ただ、逆に言ってしまえば、秘め事は全てその部屋で行われる、という事でもあった。そういう例があった事は、アイリも歴史としては知っている。だからこそ、こうまで怒らせているのだ、という事などアイリはとっくに気が付いているのだ。けれど、それでも、唯一の自由を、土足で踏みにじられたような気がした。


アイリは顔を上げると、挑むようにファビアーノを見つめる。それはあの日、初めて会った時と同じ瞳だった。

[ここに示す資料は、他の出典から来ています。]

text \<open>Below a vertex not labelled \<open>k\<close>, \<open>P\<close> fails if both subtrees fail when it owns the vertex and if
  either fails otherwise; with probability \<open>q\<close> for each subtree this averages to \<open>q\<close>, so each
  step contributes the factor \<open>(k - i)/(k - i + 1)\<close> of a label other than \<open>k\<close>.\<close>

lemma prob_not_forces_within:
  assumes "i < k"
  shows "measure (coin_measure (Sigma_ik i k)) {t \<in> space (coin_measure (Sigma_ik i k)). \<not> forces_within P k t n x}
    = (real (k - i) / real (k + 1 - i)) ^ n"
proof (induction n arbitrary: x)
  case 0
  interpret prob_space "coin_measure (Sigma_ik i k)"
    by (rule prob_space_coin_measure[OF finite_Sigma_ik Sigma_ik_nonempty]) (use assms in simp)
  show ?case
    by (simp add: prob_space)
next
  case (Suc n)
  define S where "S = Sigma_ik i k"
  have S: "finite S" "S \<noteq> {}"
    using assms finite_Sigma_ik Sigma_ik_nonempty[of i k] by (simp_all add: S_def)
  interpret prob_space "coin_measure S"
    using S by (rule prob_space_coin_measure)
  define h where "h = real (k - i) / (2 * real (k + 1 - i))"
  define q where "q = (real (k - i) / real (k + 1 - i)) ^ n"
  define own where "own = {P} \<times> {i..<k}"
  define opp where "opp = (UNIV - {P}) \<times> {i..<k}"
  let ?E = "\<lambda>A. {t \<in> space (coin_measure S). t x \<in> A}"
  let ?F = "\<lambda>b. {t \<in> space (coin_measure S). \<not> forces_within P k t n (x @ [b])}"
  have "card (UNIV - {P}) = 1"
    by (cases P) (auto simp: UNIV_player)
  then have "card own = k - i" "card opp = k - i" "card S = 2 * (k + 1 - i)"
    by (simp_all add: own_def opp_def S_def Sigma_ik_def UNIV_player card_cartesian_product)
  moreover have "own \<subseteq> S" "opp \<subseteq> S"
    by (auto simp: own_def opp_def S_def Sigma_ik_def)
  ultimately have label: "prob (?E own) = h" "prob (?E opp) = h"
    using prob_coin_label[OF S, of own x] prob_coin_label[OF S, of opp x] by (simp_all add: h_def)
  have events: "?E A \<in> events" "?F b \<in> events" for A b
    by (rule sets_coin_label sets_coin_not_forces_within)+
  have child: "prob (?F b) = q" for b
    using Suc.IH[of "x @ [b]"] by (simp add: S_def q_def)
  have "\<not> forces_within P k t (Suc n) x \<longleftrightarrow>
      t x \<in> own \<and> \<not> forces_within P k t n (x @ [False]) \<and> \<not> forces_within P k t n (x @ [True]) \<or>
      t x \<in> opp \<and> (\<not> forces_within P k t n (x @ [False]) \<or> \<not> forces_within P k t n (x @ [True]))"
    if "t \<in> space (coin_measure S)" for t
  proof -
    have "t x \<in> Sigma_ik i k"
      using that by (simp add: space_coin_measure S_def)
    then obtain pl m where "t x = (pl, m)" "m \<in> {i..k}"
      by (cases "t x") (auto simp: Sigma_ik_def)
    then show ?thesis
      by (auto simp: own_def opp_def)
  qed
  then have fail_eq: "{t \<in> space (coin_measure S). \<not> forces_within P k t (Suc n) x} =
      (?E own \<inter> ?F False \<inter> ?F True) \<union> (?E opp \<inter> (?F False \<union> ?F True))"
    by blast
  have "prob {t \<in> space (coin_measure S). \<not> forces_within P k t (Suc n) x} =
      prob (?E own \<inter> ?F False \<inter> ?F True) + prob (?E opp \<inter> (?F False \<union> ?F True))"
    unfolding fail_eq by (rule finite_measure_Union) (use events in \<open>auto simp: own_def opp_def\<close>)
  also have "\<dots> = h * q * q + h * (q + q - q * q)"
    using prob_indep_events_option[OF indep_events_label_subtrees[OF S]] label child by simp
  also have "\<dots> = 2 * h * q"
    by (simp add: algebra_simps)
  also have "\<dots> = (real (k - i) / real (k + 1 - i)) ^ Suc n"
    by (simp add: h_def q_def)
  finally show ?case
    by (simp add: S_def)
qed

lemma AE_forces_within:
  assumes "i < k"
  shows "AE t in coin_measure (Sigma_ik i k). \<forall>x. \<exists>n. forces_within P k t n x"
proof -
  let ?M = "coin_measure (Sigma_ik i k)"
  let ?c = "real (k - i) / real (k + 1 - i)"
  interpret prob_space ?M
    by (rule prob_space_coin_measure[OF finite_Sigma_ik Sigma_ik_nonempty]) (use assms in simp)
  have "{t \<in> space ?M. \<forall>n. \<not> forces_within P k t n x} \<in> null_sets ?M" for x
  proof -
    let ?Z = "{t \<in> space ?M. \<forall>n. \<not> forces_within P k t n x}"
    have "?Z = (\<Inter>n. {t \<in> space ?M. \<not> forces_within P k t n x})"
      by blast
    also have "\<dots> \<in> events"
      by (rule sets.countable_INT) (auto intro: sets_coin_not_forces_within)
    finally have Z: "?Z \<in> events" .
    have "prob ?Z \<le> ?c ^ n" for n
      using finite_measure_mono[of ?Z "{t \<in> space ?M. \<not> forces_within P k t n x}"]
        sets_coin_not_forces_within prob_not_forces_within[OF assms] by auto
    moreover have "(\<lambda>n. ?c ^ n) \<longlonglongrightarrow> 0"
      by (rule LIMSEQ_power_zero) (use assms in auto)
    ultimately have "prob ?Z \<le> 0"
      by (intro LIMSEQ_le_const) auto
    then show ?thesis
      using Z by (simp add: emeasure_eq_measure null_sets_def measure_le_0_iff)
  qed
  then have "(\<Union>x. {t \<in> space ?M. \<forall>n. \<not> forces_within P k t n x}) \<in> null_sets ?M"
    by (intro null_sets_UN') auto
  then show ?thesis
    by (rule AE_I') auto
qed

theorem proposition3:
  fixes i k :: nat
  assumes "i < k"
  shows "W i k \<in> sets (completion (coin_measure (Sigma_ik i k))) \<and>
         emeasure (completion (coin_measure (Sigma_ik i k))) (W i k) = (if odd k then 0 else 1)"
proof -
  let ?M = "coin_measure (Sigma_ik i k)"
  interpret prob_space ?M
    by (rule prob_space_coin_measure[OF finite_Sigma_ik Sigma_ik_nonempty]) (use assms in simp)
  have "AE t in ?M. \<forall>P x. \<exists>n. forces_within P k t n x"
    using AE_forces_within[OF assms, of PAll] AE_forces_within[OF assms, of PEx]
    by eventually_elim (metis player.exhaust)
  then have "AE t in ?M. t \<in> W i k \<longleftrightarrow> even k"
    using AE_space by eventually_elim (auto simp: space_coin_measure intro!: mem_W_iff_even)
  moreover have "W i k \<subseteq> space ?M"
    by (auto simp: W_def space_coin_measure)
  ultimately show ?thesis
    using completion_AE_iff_const[of "W i k" "even k"] by simp
qed

end
lemma choose_le_card_proj_subspaces_mult_choose:
  fixes X :: "(nat \<Rightarrow> 'a::{finite,field}) set set"
  assumes X: "X \<subseteq> PG_points n" and s: "s \<le> n"
    and few: "\<And>W. proj_subspace n s W \<Longrightarrow> pts_in X W \<le> r"
  shows "card X choose (s + 1) \<le> card {W :: (nat \<Rightarrow> 'a) set. proj_subspace n s W} * (r choose (s + 1))"
proof -
  have "finite X" using finite_subset[OF X finite_PG_points] .
  show ?thesis
  proof (rule choose_le_card_mult_choose_of_cover[where B = "\<lambda>W. {P. P \<subseteq> W}"])
    show "finite X" by fact
    show "finite {W :: (nat \<Rightarrow> 'a) set. proj_subspace n s W}" by (rule finite_proj_subspaces)
    show "card ({P. P \<subseteq> W} \<inter> X) \<le> r" if "W \<in> {W. proj_subspace n s W}" for W
      using few that by (simp add: pts_in_def Int_def conj_commute)
    show "\<exists>W\<in>{W. proj_subspace n s W}. T \<subseteq> {P. P \<subseteq> W}" if "T \<subseteq> X" "card T = s + 1" for T
    proof -
      have "T \<subseteq> PG_points n" "finite T" "card T \<le> s + 1"
        using that X \<open>finite X\<close> by (auto intro: finite_subset)
      then obtain W where "proj_subspace n s W" "\<And>P. P \<in> T \<Longrightarrow> P \<subseteq> W"
        by (rule points_in_proj_subspace) (use s in auto)
      then show ?thesis by auto
    qed
  qed
qed

lemma power_le_fact_mult_choose:
  assumes "k \<le> m"
  shows "(real m - real k + 1) ^ k \<le> fact k * real (m choose k)"
proof -
  have "fact k * real (m choose k) = (\<Prod>i = 0..<k. real (k - i)) * (\<Prod>i = 0..<k. real (m - i) / real (k - i))"
    using assms by (simp add: binomial_altdef_of_nat fact_prod_rev[of k] of_nat_prod)
  also have "\<dots> = (\<Prod>i = 0..<k. real (m - i))"
    by (simp flip: prod.distrib)
  finally have falling: "fact k * real (m choose k) = (\<Prod>i = 0..<k. real (m - i))" .
  have "(real m - real k + 1) ^ k = (\<Prod>i = 0..<k. real m - real k + 1)" by simp
  also have "\<dots> \<le> (\<Prod>i = 0..<k. real (m - i))"
    using assms by (intro prod_mono) (auto simp: of_nat_diff)
  finally show ?thesis using falling by simp
qed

「それは、ただの友人として書いたものです。お読みになったのでしょう? なればお分かりの筈。ただ一人の友人と手紙を交わすことも、私には許されないのでしょうか。それほどまでに私を、浅はかな女だとお思いなのでしょうか」

「だったらこれは何だ!」


そう言ってファビアーノは、胸元から別の紙を取り出すと、再びアイリに突きつけた。


短い文章が書かれた、一通の便箋である。


曰く、真夜中にエヴァルドが珊瑚の宮へ入り、明け方まで戻らず、明け方アイリが真珠の宮へ戻っていく姿を見た、と。


アイリの不貞を告発する文書であった。